Table 6.
hGrx1 and hGrx2 Exhibit Equal Rates of Protein Glutathionylation in the Presence of GS•, GSNO, and GSSGa
| protein–SSG formation |
||
|---|---|---|
| substrate | Grx1-mediated (s−1) | Grx2-mediated (s−1) |
| GS• [≥10 µM (33)] | 0.43 ± 0.03 | 0.38 ± 0.04 |
| GSNO (500 µ M) | 0.21 ± 0.07 | 0.24 ± 0.08 |
| GSNO (250 µM) | 0.09 ± 0.04 | 0.11 ± 0.07 |
| GSSG (250 µM) | 0.38 ± 0.01 | 0.12 ± 0.007 |
| GSSG (100 µM) | 0.24 ± 0.03 | 0.06 ± 0.003 |
Reaction mixtures contained Na/K phosphate buffer (0.1 M, pH 7.5), rabbit muscle GAPDH (25 µM), Grx (0.02–0.25 µM), S-carboxymethyl BSA (7 mg/mL), and [35S]GSNO (500 µM), [35S]GSSG (500 µM), or GSH (0.5 mM) and GS• (approximately 10 µM; see ref 33).
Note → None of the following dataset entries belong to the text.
lemma chi_add_sum_chi_remove:
  fixes r :: "bool list"
  assumes "finite Y"
  defines "a \<equiv> agree Y (\<lambda>_. True) r"
  shows "chi Y r + (\<Sum>l\<in>Y. chi (Y - {l}) r) = (-1) ^ a * (1 + int (card Y) - 2 * int a)"
proof -
  have "(\<Sum>l\<in>Y. chi (Y - {l}) r) = (\<Sum>l\<in>Y. if r ! l then -1 else 1) * chi Y r"
    using chi_remove[OF assms(1)] by (simp add: sum_distrib_right)
  also have "\<dots> = (int (card Y) - 2 * int a) * chi Y r"
    unfolding a_def agree_def using assms(1) by (simp add: sum_sign_eq)
  finally show ?thesis
    unfolding a_def using chi_eq_neg_one_power[OF assms(1)] by (simp add: algebra_simps)
qed

lemma chi_mult_chi: "finite X \<Longrightarrow> chi X x * chi X y = (-1) ^ hamming X x y"
  unfolding chi_def hamming_def agree_def
  by (simp add: prod.distrib[symmetric] prod_sign_eq_power[symmetric] if_distrib) (rule prod.cong; auto)

lemma chi_mult_chi_remove:
  assumes "finite X" "j \<in> X"
  shows "chi (X - {j}) x * chi (X - {j}) y
    = (if y ! j = (\<not> x ! j) then -1 else 1) * (chi X x * chi X y)"
  using chi_remove[OF assms, of x] chi_remove[OF assms, of y] by auto

lemma sum_sign_eq_hamming:
  "finite U \<Longrightarrow> (\<Sum>j\<in>U. if y ! j = (\<not> x ! j) then -1 else 1 :: int)
    = int (card U) - 2 * int (hamming U x y)"
  unfolding hamming_def agree_def by (rule sum_sign_eq)

lemma chi_pair_sum_remove_one:
  assumes U: "finite U"
  shows "(\<Sum>j\<in>U. chi (U - {j}) x * chi (U - {j}) y)
    = (-1) ^ hamming U x y * (int (card U) - 2 * int (hamming U x y))"
proof -
  have "(\<Sum>j\<in>U. chi (U - {j}) x * chi (U - {j}) y)
      = (\<Sum>j\<in>U. if y ! j = (\<not> x ! j) then -1 else 1) * (chi U x * chi U y)"
    using chi_mult_chi_remove[OF U] by (simp add: sum_distrib_right)
  then show ?thesis
    using sum_sign_eq_hamming[OF U] chi_mult_chi[OF U] by (simp add: mult.commute)
qed

lemma chi_pair_sum_remove_two:
  fixes x y :: "bool list"
  assumes U: "finite U"
  defines "d \<equiv> hamming U x y"
  shows "(\<Sum>j\<in>U. \<Sum>l\<in>U - {j}. chi (U - {j} - {l}) x * chi (U - {j} - {l}) y)
    = (-1) ^ d * ((int (card U) - 2 * int d)\<^sup>2 - int (card U))"
proof -
  define e where "e j = (if y ! j = (\<not> x ! j) then -1 else 1 :: int)" for j
  define E where "E = (\<Sum>j\<in>U. e j)"
  have e_sq: "e j * e j = 1" for j unfolding e_def by simp
  have inner: "(\<Sum>l\<in>U - {j}. chi (U - {j} - {l}) x * chi (U - {j} - {l}) y)
      = (-1) ^ d * e j * (E - e j)" if "j \<in> U" for j
  proof -
    have "(\<Sum>l\<in>U - {j}. chi (U - {j} - {l}) x * chi (U - {j} - {l}) y)
        = (\<Sum>l\<in>U - {j}. e l * (e j * (-1) ^ d))"
      using chi_mult_chi_remove[of "U - {j}"] chi_mult_chi_remove[OF U that] chi_mult_chi[OF U] U
      unfolding e_def d_def by (intro sum.cong) auto
    also have "\<dots> = (-1) ^ d * e j * (\<Sum>l\<in>U - {j}. e l)"
      by (simp add: sum_distrib_left mult_ac)
    also have "\<dots> = (-1) ^ d * e j * (E - e j)"
      unfolding E_def using sum.remove[OF U that, of e] by simp
    finally show ?thesis .
  qed
  have "(\<Sum>j\<in>U. \<Sum>l\<in>U - {j}. chi (U - {j} - {l}) x * chi (U - {j} - {l}) y)
      = (\<Sum>j\<in>U. (-1) ^ d * e j * (E - e j))"
    using inner by (rule sum.cong[OF refl])
  also have "\<dots> = (-1) ^ d * ((\<Sum>j\<in>U. e j) * E - (\<Sum>j\<in>U. e j * e j))"
    by (simp add: sum_distrib_left sum_distrib_right sum_subtractf algebra_simps)
  also have "\<dots> = (-1) ^ d * (E * E - int (card U))"
    using e_sq unfolding E_def by simp
  also have "\<dots> = (-1) ^ d * ((int (card U) - 2 * int d)\<^sup>2 - int (card U))"
    using sum_sign_eq_hamming[OF U, of y x] unfolding E_def e_def d_def
    by (simp add: power2_eq_square)
  finally show ?thesis .
qed

lemma fourier_coeff_square:
  "(fourier_coeff A X)\<^sup>2 = (\<Sum>x\<in>#A. \<Sum>y\<in>#A. chi X x * chi X y)"
  unfolding fourier_coeff_def power2_eq_square
  by (simp add: sum_mset_distrib_left sum_mset_distrib_right mult.commute)

lemma fourier_coeff_energy_eq:
  assumes U: "finite U"
  defines "m \<equiv> int (card U)"
  shows "2 * (\<Sum>j\<in>U. (fourier_coeff A (U - {j}))\<^sup>2)
      + (\<Sum>j\<in>U. \<Sum>l\<in>U - {j}. (fourier_coeff A (U - {j} - {l}))\<^sup>2)
    = (\<Sum>x\<in>#A. \<Sum>y\<in>#A. (-1) ^ hamming U x y
        * (2 * (m - 2 * int (hamming U x y)) + (m - 2 * int (hamming U x y))\<^sup>2 - m))"
proof -
  have "2 * (\<Sum>j\<in>U. (fourier_coeff A (U - {j}))\<^sup>2)
        + (\<Sum>j\<in>U. \<Sum>l\<in>U - {j}. (fourier_coeff A (U - {j} - {l}))\<^sup>2)
      = (\<Sum>x\<in>#A. \<Sum>y\<in>#A. 2 * (\<Sum>j\<in>U. chi (U - {j}) x * chi (U - {j}) y)
          + (\<Sum>j\<in>U. \<Sum>l\<in>U - {j}. chi (U - {j} - {l}) x * chi (U - {j} - {l}) y))"
    unfolding fourier_coeff_square
    by (simp add: sum_mset_sum_swap sum_mset.distrib sum_mset_distrib_left sum_distrib_left)
  then show ?thesis
    unfolding m_def chi_pair_sum_remove_one[OF U] chi_pair_sum_remove_two[OF U]
    by (simp add: algebra_simps)
qed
Reactions took place at room temperature and were quenched by addition of 20% ice-cold TCA. Precipitated proteins were pelleted by centrifugation, washed, and analyzed for bound radioactivity. Grx-mediated GAPDH–SSG formation was assessed by comparing the bound radioactivity in the presence and absence of the enzyme. Rates are expressed as nanomoles of protein–SSG per minute per nanomole of Grx (i.e., turnover, min−1). Turnovers were determined within the linear range of Grx dependence for each substrate and are expressed as the mean ± the standard error (n = 3–12).